Excellent courrier !

Quelqu'un m'a devancé mais vous méritez amplement vos cinq étoiles !

Respectueusement !

Bertel de Vacoa

2.Posté par FOXI le 16/08/2010 17:28

"mais comment le faire triompher s'il est injuste ? Il dit : - Tu l'empêches d'être injuste. Voilà ta façon de le faire triompher."

Un bon coup de pied où je pense, çà aide à remettre les idées en place.

Cette affaire est une honte pour la communauté musulmane. On ne peut défendre l'indéfendable sous prétexte qu'il s'agit du fils de.....

J'estime qu'il fallait embarquer le sieur Dindar ( qui s'est opposé à l'interpellation d'Habdul-Hulk) et de même pour l'oncle, prêt à déplumer les poulets, art qu'il maîtrise et surtout le jeune comorien qui clamait "si i embarque à li, y fo embarque toute"..

Cette "émeute" me rappelle une autre vue dans le sentier à Paris quand "le beauf du président" était venu défendre un homme de sa communauté interpellé par la police alors qu'il était recherché pour une affaire criminelle.

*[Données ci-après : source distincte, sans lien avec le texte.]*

lemma period3_residual_small:
  fixes a b c :: "bit poly"
  assumes "degree a > 0" and "degree b > 0" and "degree c > 0"
  defines "eps \<equiv> (\<lambda>n::nat. if n mod 3 = 0 then a else if n mod 3 = 1 then b else c)"
  obtains K where "0 \<le> K"
    and "\<And>n. fls_vanishes_below (additive_octic (tpoly_to_fls (octic_B0 a b c))
      (tpoly_to_fls (octic_B1 a b c)) (tpoly_to_fls (octic_B2 a b c))
      (tpoly_to_fls (snd (W_continuants eps n)) / tpoly_to_fls (fst (W_continuants eps n)))
      + tpoly_to_fls (octic_A a b c)) (int n - K)"
    and "fls_vanishes_below (tpoly_to_fls (octic_B0 a b c)) (-K)"
      "fls_vanishes_below (tpoly_to_fls (octic_B1 a b c)) (-K)"
      "fls_vanishes_below (tpoly_to_fls (octic_B2 a b c)) (-K)"
proof -
  define e where "e n = tpoly_to_fls (eps n)" for n
  define u where "u n = inverse (fst (W_continuants e n))" for n
  have W_e: "W_continuants e n = map_prod tpoly_to_fls tpoly_to_fls (W_continuants eps n)" for n
    unfolding e_def by (rule tpoly_to_fls_W_continuants)
  have "tpoly_to_fls a \<noteq> 0" "tpoly_to_fls b \<noteq> 0" "tpoly_to_fls c \<noteq> 0"
    using assms(1-3) by auto
  from period3_residual[OF _ this, of e]
  have residual: "additive_octic (tpoly_to_fls (octic_B0 a b c)) (tpoly_to_fls (octic_B1 a b c))
      (tpoly_to_fls (octic_B2 a b c))
      (tpoly_to_fls (snd (W_continuants eps n)) / tpoly_to_fls (fst (W_continuants eps n)))
      + tpoly_to_fls (octic_A a b c) = tpoly_to_fls (octic_B0 a b c) * u (n + 1)
      + (e (n + 2) ^ 4 * e n ^ 2 * e (n + 1) + tpoly_to_fls (octic_B2 a b c) * e n ^ 2 * e (n + 1))
        * u (n + 2)
      + e n ^ 4 * e (n + 1) ^ 2 * e (n + 2) * u (n + 3)" for n
    by (simp add: u_def W_e e_def eps_def tpoly_to_fls_octic)
  define D where "D = int (degree a + degree b + degree c)"
  define K where
    "K = int (degree (octic_B0 a b c) + degree (octic_B1 a b c) + degree (octic_B2 a b c))"
  have e_small: "fls_vanishes_below (e n) (-D)" for n
    using fls_vanishes_below_tpoly_to_fls[of "eps n"] unfolding e_def D_def
    by (rule fls_vanishes_below_mono) (simp add: eps_def)
  have u_small: "fls_vanishes_below (u n) (int n)" for n
  proof -
    have "0 < degree (eps n)" for n
      using assms(1-3) by (simp add: eps_def)
    then have "fst (W_continuants eps n) \<noteq> 0" "n \<le> degree (fst (W_continuants eps n))"
      using W_continuants_degrees[of eps n _ "snd (W_continuants eps n)"] by auto
    then show ?thesis
      using fls_vanishes_below_subdegree[of "u n"]
      by (auto simp: u_def W_e fls_subdegree_tpoly_to_fls elim!: fls_vanishes_below_mono)
  qed
  have B: "fls_vanishes_below (tpoly_to_fls (octic_B0 a b c)) (-K)"
    "fls_vanishes_below (tpoly_to_fls (octic_B1 a b c)) (-K)"
    "fls_vanishes_below (tpoly_to_fls (octic_B2 a b c)) (-K)"
    using fls_vanishes_below_tpoly_to_fls[of "octic_B0 a b c"]
      fls_vanishes_below_tpoly_to_fls[of "octic_B1 a b c"]
      fls_vanishes_below_tpoly_to_fls[of "octic_B2 a b c"]
    by (auto simp: K_def elim!: fls_vanishes_below_mono)
  show thesis
  proof (rule that[of "K + 7 * D"])
    show "fls_vanishes_below (additive_octic (tpoly_to_fls (octic_B0 a b c))
      (tpoly_to_fls (octic_B1 a b c)) (tpoly_to_fls (octic_B2 a b c))
      (tpoly_to_fls (snd (W_continuants eps n)) / tpoly_to_fls (fst (W_continuants eps n)))
      + tpoly_to_fls (octic_A a b c)) (int n - (K + 7 * D))" for n
      unfolding residual
      by (rule period3_residual_vanishes_below[OF e_small u_small B(1,3)])
        (simp_all add: D_def K_def)
  qed (use B in \<open>auto simp: D_def K_def elim!: fls_vanishes_below_mono\<close>)
qed

theorem mainTheorem5:
  fixes a b c :: "bit poly"
  assumes "degree a > 0" and "degree b > 0" and "degree c > 0"
  defines "eps \<equiv> (\<lambda>n::nat. if n mod 3 = 0 then a else if n mod 3 = 1 then b else c)"
  defines "A \<equiv> a^3*b^2*c + a^2*b^2*c^2 + a*b^3*c^2 + b^4*c^2 + a*b^2*c^3 + a*b*c^4
                + a^2*b*c + a*b^2*c + a*b*c^2 + c^4 + 1"
  defines "B0 \<equiv> a^4*b^2*c + a^3*b^2*c^2 + a^2*b^3*c^2 + a*b^4*c^2 + a^2*b^2*c^3 + a^2*b*c^4"
  defines "B1 \<equiv> a^3*b^2*c + a^2*b^2*c^2 + a*b^3*c^2 + a^2*b*c^3"
  defines "B2 \<equiv> a^2*b*c + a*b^2*c + a*b*c^2"
  defines "\<beta> \<equiv> 1 / CF (\<lambda>i. tpoly_to_fls (sword eps i))"
  shows "convergent (convergents (\<lambda>i. tpoly_to_fls (sword eps i))) \<and>
         \<beta>^8 = tpoly_to_fls A + tpoly_to_fls B0 * \<beta> + tpoly_to_fls B1 * \<beta>^2
                + tpoly_to_fls B2 * \<beta>^4"
proof -
  have pos: "\<And>n. 0 < degree (eps n)"
    using assms(1-3) by (simp add: eps_def)
  obtain L where lim: "convergents (\<lambda>i. tpoly_to_fls (sword eps i)) \<longlonglongrightarrow> L"
    and close: "\<And>n. fls_vanishes_below (L - convergents (\<lambda>i. tpoly_to_fls (sword eps i)) n) (int n)"
    using convergents_sword_converge[where eps = eps, OF pos] by blast
  have \<beta>: "\<beta> = inverse L"
    using lim by (simp add: \<beta>_def CF_def limI inverse_eq_divide)
  have octic: "A = octic_A a b c" "B0 = octic_B0 a b c" "B1 = octic_B1 a b c" "B2 = octic_B2 a b c"
    by (simp_all add: A_def B0_def B1_def B2_def octic_A_def octic_B0_def octic_B1_def octic_B2_def)
  obtain K where "0 \<le> K" and residual: "\<And>n. fls_vanishes_below (additive_octic (tpoly_to_fls B0)
      (tpoly_to_fls B1) (tpoly_to_fls B2) (tpoly_to_fls (snd (W_continuants eps n))
      / tpoly_to_fls (fst (W_continuants eps n))) + tpoly_to_fls A) (int n - K)"
    and B: "fls_vanishes_below (tpoly_to_fls B0) (-K)" "fls_vanishes_below (tpoly_to_fls B1) (-K)"
      "fls_vanishes_below (tpoly_to_fls B2) (-K)"
    using period3_residual_small[OF assms(1-3), folded eps_def octic] by blast
  have "fls_vanishes_below (\<beta> - tpoly_to_fls (snd (W_continuants eps N))
      / tpoly_to_fls (fst (W_continuants eps N))) (int N - (K + 1))" if "1 \<le> N" for N
    using inverse_CF_sword_approx[where eps = eps, OF pos close, of N] that \<open>0 \<le> K\<close>
    by (auto simp: \<beta> elim!: fls_vanishes_below_mono)
  moreover have "fls_vanishes_below (tpoly_to_fls B) (- (K + 1))"
    if "fls_vanishes_below (tpoly_to_fls B) (- K)" for B
    using that by (rule fls_vanishes_below_mono) simp
  ultimately have "\<beta> ^ 8 = tpoly_to_fls A + tpoly_to_fls B0 * \<beta> + tpoly_to_fls B1 * \<beta>\<^sup>2
      + tpoly_to_fls B2 * \<beta> ^ 4"
    using residual B \<open>0 \<le> K\<close> fls_vanishes_below_mono[OF residual]
    by (intro root_if_residuals_vanish_below[where M = 1 and K = "K + 1"]) auto
  then show ?thesis
    using lim convergentI by blast
qed

end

Dans cette affaire, tant la mère ( pour ses propos sur la police), que le 'tit père ( "ici c'est pas le Chaudron"), que l'ensemble de la communauté musulmane vont "laisser des plumes": la détestation des zarabs, jusqu'à présent plutôt contenue, s'étale maintenant au grand jour".


3.Posté par Dionysien le 17/08/2010 14:15

Un courrier qui remet les choses dans le bon ordre .Bravo!